ACTION ITEM: From the entries below, copy every line where the string "commute" appears.

Stored data entries:
____

lemma H_preserves_parts:
  assumes g: "g \<in> H"
  shows "g t \<in> J \<longleftrightarrow> t \<in> J" "g t \<in> Jm \<longleftrightarrow> t \<in> Jm" "g t \<in> Jp \<longleftrightarrow> t \<in> Jp"
proof -
  have gA: "g \<in> Aut_on UNIV" using g by blast
  have bij: "bij g" by (rule Aut_on_bij[OF gA])
  have image: "g ` J = J"
  proof
    show "g ` J \<subseteq> J" using g by blast
    show "J \<subseteq> g ` J"
    proof
      fix y assume "y \<in> J"
      then have "inv g y \<in> J" using inv_in_H[OF g] by blast
      moreover have "g (inv g y) = y" using bij by (simp add: bij_is_surj surj_f_inv_f)
      ultimately show "y \<in> g ` J" by (metis imageI)
    qed
  qed
  show "g t \<in> J \<longleftrightarrow> t \<in> J"
    using inj_image_mem_iff[OF bij_is_inj[OF bij], of t J] image by simp
  show "g t \<in> Jm \<longleftrightarrow> t \<in> Jm"
    using Aut_on_UNIV_lower_part_iff[OF gA, of t J] image by simp
  show "g t \<in> Jp \<longleftrightarrow> t \<in> Jp"
    using Aut_on_UNIV_upper_part_iff[OF gA, of t J] image by simp
qed

lemma comp_restrict_aut_H:
  assumes g: "g \<in> H"
  shows "restrict_aut Jm g \<circ> restrict_aut J g \<circ> restrict_aut Jp g = g"
  by (rule comp_restrict_aut_parts) (simp_all add: H_preserves_parts[OF g])

lemma restrict_aut_H_in_Aut_on:
  assumes g: "g \<in> H"
  shows "restrict_aut Jm g \<in> Aut_on Jm" "restrict_aut J g \<in> Aut_on J" "restrict_aut Jp g \<in> Aut_on Jp"
  using g by (auto intro!: restrict_aut_in_Aut_on simp only: H_preserves_parts[OF g])

lemma comp_parts_in_H:
  "a \<in> Aut_on Jm \<Longrightarrow> b \<in> Aut_on J \<Longrightarrow> c \<in> Aut_on Jp \<Longrightarrow> a \<circ> b \<circ> c \<in> H"
  by (simp add: comp_parts_in_Aut_on_UNIV comp_parts_apply Aut_on_mem_iff del: comp_apply)

lemma openin_tau_p_H:
  assumes "openin (order_top_on UNIV) J"
  shows "openin (tau_p UNIV) H"
proof -
  obtain x where x: "x \<in> J" using nonempty by blast
  show ?thesis
    unfolding tau_p_def pointwise_top_def H_eq_single_point[OF x]
    by (rule topology_generated_by_Basis) (use assms in blast)
qed

lemma openin_tau_d_H: "openin (tau_d UNIV) H"
  unfolding openin_tau_d_iff
proof (intro conjI ballI)
  show "H \<subseteq> Aut_on UNIV" by blast
  obtain x where x: "x \<in> J" using nonempty by blast
  fix g assume "g \<in> H"
  then have "(\<circ>) g ` stabilizer_on UNIV {x} \<subseteq> H"
    using stabilizer_subset_H[OF x] is_subgroup_H unfolding is_subgroup_of_def by blast
  then show "\<exists>F. finite F \<and> F \<subseteq> UNIV \<and> (\<circ>) g ` stabilizer_on UNIV F \<subseteq> H" by blast
qed

definition decompose :: "('a \<Rightarrow> 'a) \<Rightarrow> ('a \<Rightarrow> 'a) \<times> ('a \<Rightarrow> 'a) \<times> ('a \<Rightarrow> 'a)" where
  "decompose g = (restrict_aut Jm g, restrict_aut J g, restrict_aut Jp g)"

definition recompose :: "('a \<Rightarrow> 'a) \<times> ('a \<Rightarrow> 'a) \<times> ('a \<Rightarrow> 'a) \<Rightarrow> 'a \<Rightarrow> 'a" where
  "recompose = (\<lambda>(a, b, c). a \<circ> b \<circ> c)"

lemma recompose_in_H:
  assumes "p \<in> Aut_on Jm \<times> Aut_on J \<times> Aut_on Jp"
  shows "recompose p \<in> H"
proof -
  obtain a b c where "p = (a, b, c)" "a \<in> Aut_on Jm" "b \<in> Aut_on J" "c \<in> Aut_on Jp"
    using assms by (cases p) auto
  then show ?thesis unfolding recompose_def by (simp only: prod.case) (rule comp_parts_in_H)
qed

lemma top_group_iso3_decompose:
  assumes TA: "topspace TA = Aut_on Jm" and TB: "topspace TB = Aut_on J"
    and TC: "topspace TC = Aut_on Jp"
    and dec: "continuous_map (subtopology T H) (prod_topology TA (prod_topology TB TC)) decompose"
    and rec: "continuous_map (prod_topology TA (prod_topology TB TC)) (subtopology T H) recompose"
  shows "top_group_iso3 H T TA TB TC decompose"
  unfolding top_group_iso3_def
proof (intro conjI ballI)
  show "homeomorphic_map (subtopology T H) (prod_topology TA (prod_topology TB TC)) decompose"
    unfolding homeomorphic_map_maps homeomorphic_maps_def
  proof (intro exI[of _ recompose] conjI dec rec ballI)
    fix g assume "g \<in> topspace (subtopology T H)"
    then have "g \<in> H" by simp
    then show "recompose (decompose g) = g"
      by (simp add: decompose_def recompose_def comp_restrict_aut_H)
  next
    fix p assume "p \<in> topspace (prod_topology TA (prod_topology TB TC))"
    then show "decompose (recompose p) = p"
      using TA TB TC by (auto simp: decompose_def recompose_def restrict_aut_comp_parts)
  qed
next
  fix g h assume "h \<in> H"
  then show "decompose (g \<circ> h) = (fst (decompose g) \<circ> fst (decompose h),
      fst (snd (decompose g)) \<circ> fst (snd (decompose h)), snd (snd (decompose g)) \<circ> snd (snd (decompose h)))"
    by (simp add: decompose_def restrict_aut_comp H_preserves_parts[OF \<open>h \<in> H\<close>])
qed

lemma continuous_map_decompose_tau_p:
  "continuous_map (subtopology (tau_p UNIV) H)
     (prod_topology (tau_p Jm) (prod_topology (tau_p J) (tau_p Jp))) decompose"
  unfolding decompose_def
  by (intro continuous_map_pairedI continuous_map_restrict_aut_tau_p
      is_interval_lower_part interval is_interval_upper_part H_preserves_parts) blast+

lemma continuous_map_decompose_tau_d:
  "continuous_map (subtopology (tau_d UNIV) H)
     (prod_topology (tau_d Jm) (prod_topology (tau_d J) (tau_d Jp))) decompose"
  unfolding decompose_def
  by (intro continuous_map_pairedI continuous_map_restrict_aut_tau_d is_subgroup_H H_preserves_parts)
    blast+

lemma continuous_map_recompose_tau_p:
  "continuous_map (prod_topology (tau_p Jm) (prod_topology (tau_p J) (tau_p Jp)))
     (subtopology (tau_p UNIV) H) recompose"
proof -
  let ?P = "prod_topology (tau_p Jm) (prod_topology (tau_p J) (tau_p Jp))"
  have into_H: "recompose p \<in> H" if "p \<in> topspace ?P" for p
    using that by (intro recompose_in_H) simp
  have "continuous_map ?P (order_top_on UNIV) (\<lambda>p. recompose p x)" for x
  proof -
    consider "x \<in> Jm" | "x \<in> J" | "x \<in> Jp" using parts_cover by blast
    then show ?thesis
    proof cases
      case 1
      have "continuous_map ?P (order_top_on UNIV) (\<lambda>p. fst p x)"
        by (rule continuous_map_compose[OF continuous_map_fst
              continuous_map_tau_p_eval[OF is_interval_lower_part 1], unfolded o_def])
      then show ?thesis
        by (rule continuous_map_eq) (use 1 in \<open>auto simp: recompose_def comp_parts_apply simp del: comp_apply\<close>)
    next
      case 2
      have "continuous_map ?P (order_top_on UNIV) (\<lambda>p. fst (snd p) x)"
        by (rule continuous_map_compose[OF continuous_map_compose[OF continuous_map_snd continuous_map_fst]
              continuous_map_tau_p_eval[OF interval 2], unfolded o_def])
      then show ?thesis
        by (rule continuous_map_eq) (use 2 in \<open>auto simp: recompose_def comp_parts_apply simp del: comp_apply\<close>)
    next
      case 3
      have "continuous_map ?P (order_top_on UNIV) (\<lambda>p. snd (snd p) x)"
        by (rule continuous_map_compose[OF continuous_map_compose[OF continuous_map_snd continuous_map_snd]
              continuous_map_tau_p_eval[OF is_interval_upper_part 3], unfolded o_def])
      then show ?thesis
        by (rule continuous_map_eq) (use 3 in \<open>auto simp: recompose_def comp_parts_apply simp del: comp_apply\<close>)
    qed
  qed
  then show ?thesis
    using into_H by (auto simp: continuous_map_in_subtopology continuous_map_tau_p_iff)
qed

lemma recompose_stabilizer_cosets:
  assumes abc: "a \<in> Aut_on Jm" "b \<in> Aut_on J" "c \<in> Aut_on Jp"
  shows "recompose ` ((\<circ>) a ` stabilizer_on Jm (F \<inter> Jm) \<times>
      ((\<circ>) b ` stabilizer_on J (F \<inter> J) \<times> (\<circ>) c ` stabilizer_on Jp (F \<inter> Jp)))
    \<subseteq> (\<circ>) (a \<circ> b \<circ> c) ` stabilizer_on UNIV F"
proof
  fix k assume "k \<in> recompose ` ((\<circ>) a ` stabilizer_on Jm (F \<inter> Jm) \<times>
      ((\<circ>) b ` stabilizer_on J (F \<inter> J) \<times> (\<circ>) c ` stabilizer_on Jp (F \<inter> Jp)))"
  then obtain ha hb hc where
    h: "ha \<in> stabilizer_on Jm (F \<inter> Jm)" "hb \<in> stabilizer_on J (F \<inter> J)" "hc \<in> stabilizer_on Jp (F \<inter> Jp)"
    and k: "k = (a \<circ> ha) \<circ> (b \<circ> hb) \<circ> (c \<circ> hc)"
    by (auto simp: recompose_def)
  then have auts: "ha \<in> Aut_on Jm" "hb \<in> Aut_on J" "hc \<in> Aut_on Jp"
    by (simp_all add: stabilizer_on_def)
  have k_eq: "k = (a \<circ> b \<circ> c) \<circ> (ha \<circ> hb \<circ> hc)"
    using k abc auts by (simp add: comp_parts_mult)
  have "(ha \<circ> hb \<circ> hc) t = t" if "t \<in> F" for t
    using parts_cover[of t] that h comp_parts_apply[OF auts, of t] by (auto simp: stabilizer_on_def)
  then have "ha \<circ> hb \<circ> hc \<in> stabilizer_on UNIV F"
    using comp_parts_in_Aut_on_UNIV[OF auts] by (simp add: stabilizer_on_def)
  with k_eq show "k \<in> (\<circ>) (a \<circ> b \<circ> c) ` stabilizer_on UNIV F" by blast
qed
(* Fix $a>0$. As $b\to+\infty$ through real values, uniformly for $\zeta$ in compact subsets of the complex plane, $$ {}_1F_1\big(a;b;b(1+b^{-1/2}\zeta)\big)=\frac{\Gamma(b)}{\Gamma(b-a)}\,b^{-a/2}\,e^{\zeta^2/4}\Big[D_{-a}(-\zeta)+\frac{A_1(a,\zeta)}{b^{1/2}}+\frac{A_2(a,\zeta)}{b}+O(b^{-3/2})\Big], $$ where $$A_1(a,\zeta)=a(a+1)D_{-a-1}(-\zeta)-\frac{a(a+1)(a+2)}{3}D_{-a-3}(-\zeta),$$ $$A_2(a,\zeta)=\frac{a(a+1)^2(a+2)}{2}D_{-a-2}(-\zeta)-\frac{\Gamma(a+4)}{\Gamma(a)}\Big(\frac14+\frac{a+1}{3}\Big)D_{-a-4}(-\zeta)+\frac{\Gamma(a+6)}{18\,\Gamma(a)}D_{-a-6}(-\zeta).$$
   Context: ${}_1F_1(a;b;z)=\sum_{k=0}^\infty \frac{(a)_k}{(b)_k}\frac{z^k}{k!}$ is Kummer's confluent hypergeometric function, with $(x)_k=\Gamma(x+k)/\Gamma(x)$. $D_\nu$ denotes the parabolic cylinder function, given for $\mathrm{Re}\,\nu<0$ by $D_\nu(z)=\frac{e^{-z^2/4}}{\Gamma(-\nu)}\int_0^\infty e^{-zs-s^2/2}s^{-\nu-1}\,ds$. *)

theory Defs
  imports "HOL-Analysis.Analysis"
begin

definition hyp1F1 :: "real \<Rightarrow> real \<Rightarrow> complex \<Rightarrow> complex" where
  "hyp1F1 a b z = (\<Sum>k. complex_of_real (pochhammer a k / pochhammer b k) * z ^ k / of_nat (fact k))"

text \<open>Parabolic cylinder function D_nu(z) for real nu < 0 via its integral representation
  D_nu(z) = exp(-z^2/4)/Gamma(-nu) * integral from 0 to infinity of exp(-z s - s^2/2) s^(-nu-1) ds.\<close>
definition pcf_D :: "real \<Rightarrow> complex \<Rightarrow> complex" where
  "pcf_D \<nu> z = exp (- (z^2) / 4) / complex_of_real (Gamma (- \<nu>)) *
     integral {0<..} (\<lambda>s::real. exp (- z * complex_of_real s - complex_of_real (s^2 / 2))
                                  * complex_of_real (s powr (- \<nu> - 1)))"

definition A1 :: "real \<Rightarrow> complex \<Rightarrow> complex" where
  "A1 a \<zeta> = complex_of_real (a * (a + 1)) * pcf_D (- a - 1) (- \<zeta>)
            - complex_of_real (a * (a + 1) * (a + 2) / 3) * pcf_D (- a - 3) (- \<zeta>)"

definition A2 :: "real \<Rightarrow> complex \<Rightarrow> complex" where
  "A2 a \<zeta> = complex_of_real (a * (a + 1)^2 * (a + 2) / 2) * pcf_D (- a - 2) (- \<zeta>)
            - complex_of_real (Gamma (a + 4) / Gamma a * (1/4 + (a + 1) / 3)) * pcf_D (- a - 4) (- \<zeta>)
            + complex_of_real (Gamma (a + 6) / (18 * Gamma a)) * pcf_D (- a - 6) (- \<zeta>)"

end

(*
  Euler's integral, after the substitution t = s / sqrt b, writes 1F1(a; b; b + sqrt b * zeta) as
  Gamma(b) / (Gamma(a) Gamma(b - a)) * b^(-a/2) times the integral over s > 0 of
  e^(zeta s) s^(a-1) h(s), where h(s) = e^(r s) (1 - s/r)^(r^2 - a - 1) for s < r = sqrt b
  and h(s) = 0 otherwise.  Expanding log h in powers of 1/r gives, uniformly in s > 0,
    h(s) = e^(-s^2/2) (1 + q1(s)/r + q2(s)/r^2) + O((1 + s)^15 e^(-s^2/2) / r^3)
  with explicit polynomials q1, q2: for s <= r/2 this follows from the Taylor expansions of
  log (1 - x) and exp, and for s > r/2 from the crude bound h(s) <= e^(3(a+1)/2) e^(-s^2/2)
  together with 1 <= 8 s^3 / r^3.  The moments of the Gaussian weight are parabolic cylinder
  functions, int_0^oo e^(zeta s - s^2/2) s^(a+j-1) ds = Gamma(a + j) e^(zeta^2/4) D_(-a-j)(-zeta),
  so the main terms integrate to exactly Gamma(a) e^(zeta^2/4) (D_(-a)(-zeta) + A1/sqrt b + A2/b),
  and the error term to O(e^(M^2/4) b^(-3/2)) relative to the prefactor when |zeta| <= M.
*)

theory Submission
  imports Defs
begin

lemma sum_exp_series_le_exp:
  fixes x :: real
  assumes "x \<ge> 0"
  shows "(\<Sum>k<n. x^k / fact k) \<le> exp x"
proof -
  have exp_sums: "(\<lambda>k. x^k / fact k) sums exp x"
    using exp_converges[of x] by (simp add: divide_inverse mult.commute)
  have "(\<Sum>k<n. x^k / fact k) \<le> (\<Sum>k. x^k / fact k)"
    by (rule sum_le_suminf) (use exp_sums assms in \<open>auto simp: sums_iff\<close>)
  then show ?thesis
    using exp_sums by (simp add: sums_iff)
qed

lemma power_le_fact_mult_exp:
  fixes x :: real
  assumes "x \<ge> 0"
  shows "x^n \<le> fact n * exp x"
proof -
  have "x^n / fact n \<le> (\<Sum>k<Suc n. x^k / fact k)"
    by (rule member_le_sum) (use assms in auto)
  also have "\<dots> \<le> exp x"
    using assms by (rule sum_exp_series_le_exp)
  finally show ?thesis
    by (simp add: divide_le_eq mult.commute)
qed

lemma has_real_derivative_ln_one_minus_plus_taylor:
  fixes t :: real
  assumes "t < 1"
  shows "((\<lambda>x. ln (1 - x) + (\<Sum>k=1..n. x^k / k)) has_real_derivative - (t^n / (1 - t))) (at t)"
proof -
  have "(\<Sum>k=1..n. real k * t^(k - 1) / real k) = (\<Sum>k<n. t^k)"
    by (induction n) auto
  also have "\<dots> = (1 - t^n) / (1 - t)"
    using assms by (simp add: sum_gp_strict)
  also have "- 1 / (1 - t) + (1 - t^n) / (1 - t) = - (t^n / (1 - t))"
    by (simp only: add_divide_distrib[symmetric]) simp
  finally have "- 1 / (1 - t) + (\<Sum>k=1..n. real k * t^(k - 1) / real k) = - (t^n / (1 - t))"
    by simp
  moreover have "((\<lambda>x. ln (1 - x) + (\<Sum>k=1..n. x^k / k)) has_real_derivative
      - 1 / (1 - t) + (\<Sum>k=1..n. real k * t^(k - 1) / real k)) (at t)"
    using assms by (auto intro!: derivative_eq_intros)
  ultimately show ?thesis by simp
qed

lemma ln_one_minus_plus_taylor_nonpos:
  fixes x :: real
  assumes "0 \<le> x" "x < 1"
  shows "ln (1 - x) + (\<Sum>k=1..n. x^k / k) \<le> 0"
proof -
  have "ln (1 - x) + (\<Sum>k=1..n. x^k / k) \<le> ln (1 - 0) + (\<Sum>k=1..n. 0^k / k)"
  proof (rule DERIV_nonpos_imp_nonincreasing[OF assms(1)])
    fix t assume "0 \<le> t" "t \<le> x"
    with assms show "\<exists>y. ((\<lambda>x. ln (1 - x) + (\<Sum>k=1..n. x^k / k)) has_real_derivative y) (at t) \<and> y \<le> 0"
      by (intro exI[of _ "- (t^n / (1 - t))"] conjI has_real_derivative_ln_one_minus_plus_taylor) auto
  qed
  moreover have "(\<Sum>k=1..n. (0::real)^k / k) = 0"
    by (intro sum.neutral) auto
  ultimately show ?thesis by simp
qed

lemma abs_ln_one_minus_plus_taylor_le:
  fixes x :: real
  assumes "n \<ge> 1" "0 \<le> x" "x \<le> 1/2"
  shows "\<bar>ln (1 - x) + (\<Sum>k=1..n. x^k / k)\<bar> \<le> x^Suc n"
proof -
  define f where "f x = ln (1 - x) + (\<Sum>k=1..n. x^k / k) + x^Suc n" for x :: real
  have "f 0 \<le> f x"
  proof (rule DERIV_nonneg_imp_nondecreasing[OF assms(2)])
    fix t assume t: "0 \<le> t" "t \<le> x"
    have "t^n / (1 - t) \<le> t^n / (1/2)"
      using t assms by (intro divide_left_mono) auto
    also have "\<dots> = 2 * t^n" by simp
    also have "\<dots> \<le> real (Suc n) * t^n"
      by (rule mult_right_mono) (use t assms(1) in auto)
    finally have "0 \<le> - (t^n / (1 - t)) + real (Suc n) * t^n" by simp
    moreover have "(f has_real_derivative - (t^n / (1 - t)) + real (Suc n) * t^n) (at t)"
      unfolding f_def using t assms
      by (intro DERIV_add has_real_derivative_ln_one_minus_plus_taylor)
        (auto intro!: derivative_eq_intros simp: mult.assoc distrib_right power_Suc2[symmetric])
    ultimately show "\<exists>y. (f has_real_derivative y) (at t) \<and> 0 \<le> y" by blast
  qed
  moreover have "ln (1 - x) + (\<Sum>k=1..n. x^k / k) \<le> 0"
    using assms by (intro ln_one_minus_plus_taylor_nonpos) auto
  moreover have "(\<Sum>k=1..n. (0::real)^k / k) = 0"
    by (intro sum.neutral) auto
  ultimately show ?thesis by (simp add: f_def)
qed

lemma ln_one_minus_second_order:
  fixes x :: real
  assumes "0 \<le> x" "x \<le> 1/2"
  shows "ln (1 - x) + x + x^2/2 \<le> 0" "\<bar>ln (1 - x) + x + x^2/2\<bar> \<le> x^3"
  using ln_one_minus_plus_taylor_nonpos[of x 2] abs_ln_one_minus_plus_taylor_le[of 2 x] assms
  by (simp_all add: eval_nat_numeral add.assoc)

lemma ln_one_minus_fourth_order:
  fixes x :: real
  assumes "0 \<le> x" "x \<le> 1/2"
  shows "\<bar>ln (1 - x) + x + x^2/2 + x^3/3 + x^4/4\<bar> \<le> x^5"
  using abs_ln_one_minus_plus_taylor_le[of 4 x] assms
  by (simp add: eval_nat_numeral add.assoc)

lemma power_le_one_plus_power:
  fixes s :: real
  assumes "0 \<le> s" "j \<le> k"
  shows "s^j \<le> (1 + s)^k"
proof -
  have "s^j \<le> (1 + s)^j"
    using assms(1) by (intro power_mono) auto
  also have "\<dots> \<le> (1 + s)^k"
    using assms by (intro power_increasing) auto
  finally show ?thesis .
qed

lemma abs_binomial_le_one_plus_power:
  fixes s A c d :: real
  assumes "0 \<le> s" "\<bar>c\<bar> \<le> A" "\<bar>d\<bar> \<le> A" "i \<le> n" "j \<le> n"
  shows "\<bar>c * s^i + d * s^j\<bar> \<le> 2 * A * (1 + s)^n"
proof -
  have "\<bar>c * s^i\<bar> \<le> A * (1 + s)^n" "\<bar>d * s^j\<bar> \<le> A * (1 + s)^n"
    using assms power_le_one_plus_power[of s i n] power_le_one_plus_power[of s j n]
    by (auto simp: abs_mult intro!: mult_mono)
  then show ?thesis by linarith
qed

lemma one_plus_power_mult_gauss_le:
  fixes s M :: real
  assumes "s \<ge> 0"
  shows "(1 + s)^n * exp (M * s - s^2/2) \<le> fact n * exp (1 + (M + 2)^2/2) * exp (- s)"
proof -
  have "(1 + s)^n * exp (M * s - s^2/2) \<le> fact n * exp (1 + s) * exp (M * s - s^2/2)"
    using power_le_fact_mult_exp[of "1 + s" n] assms by (intro mult_right_mono) auto
  also have "\<dots> = fact n * exp (1 + (M + 2) * s - s^2/2) * exp (- s)"
    by (simp add: algebra_simps flip: exp_add)
  also have "\<dots> \<le> fact n * exp (1 + (M + 2)^2/2) * exp (- s)"
  proof -
    have "(M + 2) * s - s^2/2 \<le> (M + 2)^2/2"
      using zero_le_power2[of "M + 2 - s"] by (simp add: power2_eq_square algebra_simps)
    then show ?thesis by (intro mult_right_mono mult_left_mono) auto
  qed
  finally show ?thesis .
qed

lemma abs_exp_minus_taylor2_le:
  fixes w L :: real
  assumes "w \<le> L" "L \<ge> 0"
  shows "\<bar>exp w - 1 - w - w^2/2\<bar> \<le> (exp L + 3) * \<bar>w\<bar>^3"
proof (cases "\<bar>w\<bar> \<le> 1")
  case True
  obtain t where t: "\<bar>t\<bar> \<le> \<bar>w\<bar>" "exp w = (\<Sum>m<3. w^m / fact m) + exp t / fact 3 * w^3"
    using Maclaurin_exp_le[of w 3] by blast
  have "exp t \<le> exp 1"
    using t(1) True by simp
  also have "exp (1::real) \<le> 3"
    using exp_le by simp
  finally have "exp t / 6 \<le> exp L + 3"
    using exp_gt_zero[of L] by linarith
  have remainder: "exp w - 1 - w - w^2/2 = exp t / 6 * w^3"
    using t(2) by (simp add: eval_nat_numeral fact_numeral power2_eq_square)
  have "\<bar>exp w - 1 - w - w^2/2\<bar> = exp t / 6 * \<bar>w\<bar>^3"
    unfolding remainder by (simp add: abs_mult power_abs)
  also have "\<dots> \<le> (exp L + 3) * \<bar>w\<bar>^3"
    by (rule mult_right_mono[OF _ zero_le_power[OF abs_ge_zero]]) fact
  finally show ?thesis .
next
  case False
  then have "1 \<le> \<bar>w\<bar>^3" "\<bar>w\<bar> \<le> \<bar>w\<bar>^3" "\<bar>w\<bar>^2 \<le> \<bar>w\<bar>^3"
    using power_increasing[of 1 3 "\<bar>w\<bar>"] power_increasing[of 2 3 "\<bar>w\<bar>"] by auto
  moreover have "exp w \<le> exp L * \<bar>w\<bar>^3"
  proof -
    have "exp w \<le> exp L"
      using assms(1) by simp
    also have "\<dots> \<le> exp L * \<bar>w\<bar>^3"
      using mult_left_mono[OF \<open>1 \<le> \<bar>w\<bar>^3\<close>, of "exp L"] by simp
    finally show ?thesis .
  qed
  moreover have "\<bar>exp w - 1 - w - w^2/2\<bar> \<le> exp w + 1 + \<bar>w\<bar> + \<bar>w\<bar>^2"
    using exp_gt_zero[of w] zero_le_power2[of w] unfolding power2_abs by arith
  ultimately show ?thesis
    by (simp add: algebra_simps)
qed

lemma abs_exp_second_order_remainder_le:
  fixes c r L Q V \<rho> :: real
  assumes "c \<ge> 0" "r \<ge> 1" "L \<ge> 0"
    and Q: "\<bar>Q\<bar> \<le> c / r" and V: "\<bar>V\<bar> \<le> c / r^2" and \<rho>: "\<bar>\<rho>\<bar> \<le> c / r^3"
    and upper: "Q + V + \<rho> \<le> L"
  shows "\<bar>exp (Q + V + \<rho>) - 1 - Q - V - Q^2/2\<bar> \<le> ((exp L + 3) * 27 * c^3 + 4 * c^2 + c) / r^3"
proof -
  define w where "w = Q + V + \<rho>"
  have "c / r^2 \<le> c / r" "c / r^3 \<le> c / r^2"
    using assms(1,2) by (auto intro!: divide_left_mono simp: power2_eq_square power3_eq_cube)
  then have V': "\<bar>V\<bar> \<le> c / r" and \<rho>': "\<bar>\<rho>\<bar> \<le> c / r^2" "\<bar>\<rho>\<bar> \<le> c / r"
    using V \<rho> by linarith+
  have "\<bar>w\<bar>^3 \<le> (3 * c / r)^3"
    unfolding w_def using Q V' \<rho>' by (intro power_mono) auto
  also have "(3 * c / r)^3 = 27 * c^3 / r^3"
    by (simp add: power_divide power_mult_distrib)
  finally have "(exp L + 3) * \<bar>w\<bar>^3 \<le> (exp L + 3) * (27 * c^3 / r^3)"
    by (intro mult_left_mono) (auto intro: add_nonneg_nonneg)
  then have "\<bar>exp w - 1 - w - w^2/2\<bar> \<le> (exp L + 3) * (27 * c^3 / r^3)"
    using abs_exp_minus_taylor2_le[of w L] upper assms(3) unfolding w_def by linarith
  moreover have "\<bar>(V + \<rho>) * (2 * Q + V + \<rho>)\<bar> \<le> (2 * c / r^2) * (4 * c / r)"
    unfolding abs_mult using Q V V' \<rho> \<rho>' assms(1,2) by (intro mult_mono) auto
  moreover have "(2 * c / r^2) * (4 * c / r) = 8 * c^2 / r^3"
    by (simp add: power2_eq_square power3_eq_cube)
  moreover have "exp w - 1 - Q - V - Q^2/2
      = (exp w - 1 - w - w^2/2) + \<rho> + (V + \<rho>) * (2 * Q + V + \<rho>) / 2"
    unfolding w_def by (simp add: power2_eq_square algebra_simps)
  ultimately have "\<bar>exp w - 1 - Q - V - Q^2/2\<bar> \<le> (exp L + 3) * (27 * c^3 / r^3) + c / r^3 + 4 * c^2 / r^3"
    using \<rho> by arith
  also have "\<dots> = ((exp L + 3) * 27 * c^3 + 4 * c^2 + c) / r^3"
    by (simp add: add_divide_distrib)
  finally show ?thesis
    by (simp add: w_def)
qed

____

SOLUTION TO THIS TASK:
    using exp_converges[of x] by (simp add: divide_inverse mult.commute)
    by (simp add: divide_le_eq mult.commute)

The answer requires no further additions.